Re: Seeking deeper understanding of python equality (==)

2022-05-14 Thread Jonathan Kaczynski
Trying some new searches, I came across slotdefs in ./Objects/typeobject.c,
and those are used in the resolve_slotdups function.

The comment preceding the function says, "Note that multiple names may map
to the same slot (e.g. __eq__, __ne__ etc. all map to tp_richcompare)".

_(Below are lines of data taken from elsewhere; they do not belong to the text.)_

lemma effective_mat_rescale:
  fixes n N :: nat and D :: "real vec \<Rightarrow> complex mat" and lam :: real and A A' :: "complex mat"
  defines "G \<equiv> \<lambda>\<epsilon> q. transpose_mat (L_mat n N) * inv_mat (D_eps D n N \<epsilon> q) * L_mat n N"
    and "V \<equiv> split_scalar_mat (n + pdim n) n (complex_of_real (1 / lam)) 1"
  assumes lam: "lam > 0"
    and D: "\<And>\<epsilon>. D (\<epsilon> \<cdot>\<^sub>v k) \<in> carrier_mat (xdim n N) (xdim n N)"
    and inv: "eventually (\<lambda>\<epsilon>. invertible_mat (D_eps D n N \<epsilon> k)) (at_right 0)"
    and lim: "\<And>i j. i < n + pdim n \<Longrightarrow> j < n + pdim n \<Longrightarrow>
      ((\<lambda>\<epsilon>. G \<epsilon> k $$ (i, j)) \<longlongrightarrow> A $$ (i, j)) (at_right 0)"
    and lim': "\<And>i j. i < n + pdim n \<Longrightarrow> j < n + pdim n \<Longrightarrow>
      ((\<lambda>\<epsilon>. G \<epsilon> (lam \<cdot>\<^sub>v k) $$ (i, j)) \<longlongrightarrow> A' $$ (i, j)) (at_right 0)"
    and A: "A \<in> carrier_mat (n + pdim n) (n + pdim n)"
    and A': "A' \<in> carrier_mat (n + pdim n) (n + pdim n)"
  shows "A' = V * A * V"
proof (rule eq_matI)
  fix i j assume "i < dim_row (V * A * V)" "j < dim_col (V * A * V)"
  then have ij: "i < n + pdim n" "j < n + pdim n"
    by (simp_all add: V_def)
  define v where "v l = (if l < n then complex_of_real (1 / lam) else 1)" for l
  have scale: "filterlim (\<lambda>\<epsilon>. lam * \<epsilon>) (at_right 0) (at_right 0)"
    using filterlim_mult_left_at_right_0[OF lam] .
  have "eventually (\<lambda>\<epsilon>. invertible_mat (D_eps D n N (lam * \<epsilon>) k)) (at_right 0)"
    using inv scale unfolding filterlim_iff by blast
  with eventually_at_right_less[of 0]
  have "eventually (\<lambda>\<epsilon>. G \<epsilon> (lam \<cdot>\<^sub>v k) $$ (i, j) = v i * G (lam * \<epsilon>) k $$ (i, j) * v j) (at_right 0)"
  proof eventually_elim
    case (elim \<epsilon>)
    have C: "transpose_mat (L_mat n N) * inv_mat (D_eps D n N (lam * \<epsilon>) k) * L_mat n N
        \<in> carrier_mat (n + pdim n) (n + pdim n)"
      using inv_mat_carrier[OF D_eps_carrier[of D "lam * \<epsilon>" k, OF D] elim(2)]
      by (intro mult_carrier_mat[OF mult_carrier_mat L_mat_carrier]) (simp_all add: L_mat_carrier)
    show ?case
      unfolding G_def transpose_L_inv_D_eps_rescale[where D = D and k = k, OF lam elim(1) D elim(2)]
        index_split_scalar_mat_sandwich[OF C ij] v_def
      by simp
  qed
  moreover have "((\<lambda>\<epsilon>. v i * G (lam * \<epsilon>) k $$ (i, j) * v j) \<longlongrightarrow> v i * A $$ (i, j) * v j) (at_right 0)"
    by (intro tendsto_mult_right tendsto_mult_left filterlim_compose[OF lim[OF ij] scale])
  ultimately have "((\<lambda>\<epsilon>. G \<epsilon> (lam \<cdot>\<^sub>v k) $$ (i, j)) \<longlongrightarrow> v i * A $$ (i, j) * v j) (at_right 0)"
    by (rule iffD2[OF tendsto_cong])
  then have "A' $$ (i, j) = v i * A $$ (i, j) * v j"
    using tendsto_unique[OF _ lim'[OF ij]] by simp
  then show "A' $$ (i, j) = (V * A * V) $$ (i, j)"
    unfolding V_def index_split_scalar_mat_sandwich[OF A ij] v_def .
qed (use A A' in \<open>simp_all add: V_def\<close>)

theorem mainTheorem1:
  fixes n N :: nat
    and D :: "real vec \<Rightarrow> complex mat"
    and M :: "real vec \<Rightarrow> complex mat"
    and lam :: real and k :: "real vec" and \<zeta>0 :: "complex vec"
  assumes n_pos: "n \<ge> 1" and N_pos: "N \<ge> 1"
    and D_carrier: "\<And>q. dim_vec q = n \<Longrightarrow> D q \<in> carrier_mat (xdim n N) (xdim n N)"
    and D_herm: "\<And>q. dim_vec q = n \<Longrightarrow> hermitian_mat (D q)"
    and D_eps_inv: "\<And>q. dim_vec q = n \<Longrightarrow>
           eventually (\<lambda>\<epsilon>. invertible_mat (D_eps D n N \<epsilon> q)) (at_right 0)"
    and M_carrier: "\<And>q. dim_vec q = n \<Longrightarrow> M q \<in> carrier_mat (n + pdim n) (n + pdim n)"
    and M_lim: "\<And>q i j. dim_vec q = n \<Longrightarrow> i < n + pdim n \<Longrightarrow> j < n + pdim n \<Longrightarrow>
           ((\<lambda>\<epsilon>. (transpose_mat (L_mat n N) * inv_mat (D_eps D n N \<epsilon> q) * L_mat n N) $$ (i, j))
              \<longlongrightarrow> M q $$ (i, j)) (at_right 0)"
    and M_inv: "\<And>q. dim_vec q = n \<Longrightarrow> invertible_mat (M q)"
    and lam_pos: "lam > 0" and k_dim: "dim_vec k = n" and z_dim: "dim_vec \<zeta>0 = n + pdim n"
  shows "qform (inv_mat (M (lam \<cdot>\<^sub>v k))) \<zeta>0 =
         qform (inv_mat (M k))
           (vec (n + pdim n) (\<lambda>i. if i < n then complex_of_real lam * \<zeta>0 $ i else \<zeta>0 $ i))"
proof -
  define V where "V = split_scalar_mat (n + pdim n) n (complex_of_real lam) 1"
  define V' where "V' = split_scalar_mat (n + pdim n) n (complex_of_real (1 / lam)) 1"
  have lam_k_dim: "dim_vec (lam \<cdot>\<^sub>v k) = n"
    using k_dim by simp
  have "M (lam \<cdot>\<^sub>v k) = V' * M k * V'"
    unfolding V'_def
    by (rule effective_mat_rescale[OF lam_pos D_carrier D_eps_inv M_lim M_lim M_carrier M_carrier])
      (simp_all add: k_dim lam_k_dim)
  moreover have "V' * V = 1\<^sub>m (n + pdim n)"
    using lam_pos by (simp add: V_def V'_def split_scalar_mat_mult split_scalar_mat_one)
  ultimately have "inv_mat (M (lam \<cdot>\<^sub>v k)) = V * inv_mat (M k) * V"
    using inv_mat_sandwich[OF M_carrier[OF k_dim] M_inv[OF k_dim]] by (simp add: V_def V'_def)
  then show ?thesis
    using qform_split_scalar_mat_sandwich[OF inv_mat_carrier[OF M_carrier[OF k_dim] M_inv[OF k_dim]] z_dim,
        of n lam 1]
    by (simp add: V_def if_distrib[of "\<lambda>c. c * _"] cong: if_cong)
qed

end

So, I'm still wondering how Py_TYPE(v)->tp_richcompare resolves to __eq__
on a user-defined class. Conversely, my understanding is, for a type
defined in cpython, like str, there is usually an explicitly
defined tp_richcompare function.

Thank you,
Jonathan


On Fri, May 13, 2022 at 8:23 PM Jonathan Kaczynski <
jonathan.kaczyn...@guildeducation.com> wrote:

> Thank you for your responses, Sam and Greg.
>
> The do_richcompare function is where my research originally took me, but I
> feel like I'm still missing some pieces to the puzzle.
>
> Here is my updated research since you posted your responses (I'll attach a
> pdf copy too):
> https://docs.google.com/document/d/10zgOMetEQtZCiYFnSS90pDnNZD7I_-MFohSy83pOieA/edit#
> The summary section, in the middle, is where I've summarized my reading of
> the source code.
>
> Greg, your response here,
>
>> Generally what happens with infix operators is that the interpreter
>> first looks for a dunder method on the left operand. If that method
>> doesn't exist or returns NotImplemented, it then looks for a dunder
>> method on the right operand.
>
> reads like the contents of the do_richcompare function.
>
> What I think I'm missing is how do the dunder methods relate to
> the tp_richcompare function?
>
> Thank you,
> Jonathan
>
>
> On Fri, May 6, 2022 at 11:55 PM Greg Ewing 
> wrote:
>
>> On 7/05/22 12:22 am, Jonathan Kaczynski wrote:
>> > Stepping through the code with gdb, we see it jump from the compare
>> > operator to the dunder-eq method on the UUID object. What I want to be
>> able
>> > to do is explain the in-between steps.
>>
>> Generally what happens with infix operators is that the interpreter
>> first looks for a dunder method on the left operand. If that method
>> doesn't exist or returns NotImplemented, it then looks for a dunder
>> method on the right operand.
>>
>> There is an exception if the right operand is a subclass of the
>> left operand -- in that case the right operand's dunder method
>> takes precedence.
>>
>> > Also, if you change `x == y` to `y
>> > == x`, you still see the same behavior, which I assume has to do with
>> > dunder-eq being defined on the UUID class and thus given priority.
>>
>> No, in that case the conparison method of str will be getting
>> called first, but you won't see that in pdb because it doesn't
>> involve any Python code. Since strings don't know how to compare
>> themselves with uuids, it will return NotImplemented and the
>> interpreter will then call uuid's method.
>>
>> --
>> Greg
>> --
>> https://mail.python.org/mailman/listinfo/python-list
>>
>
-- 
https://mail.python.org/mailman/listinfo/python-list


Re: Seeking deeper understanding of python equality (==)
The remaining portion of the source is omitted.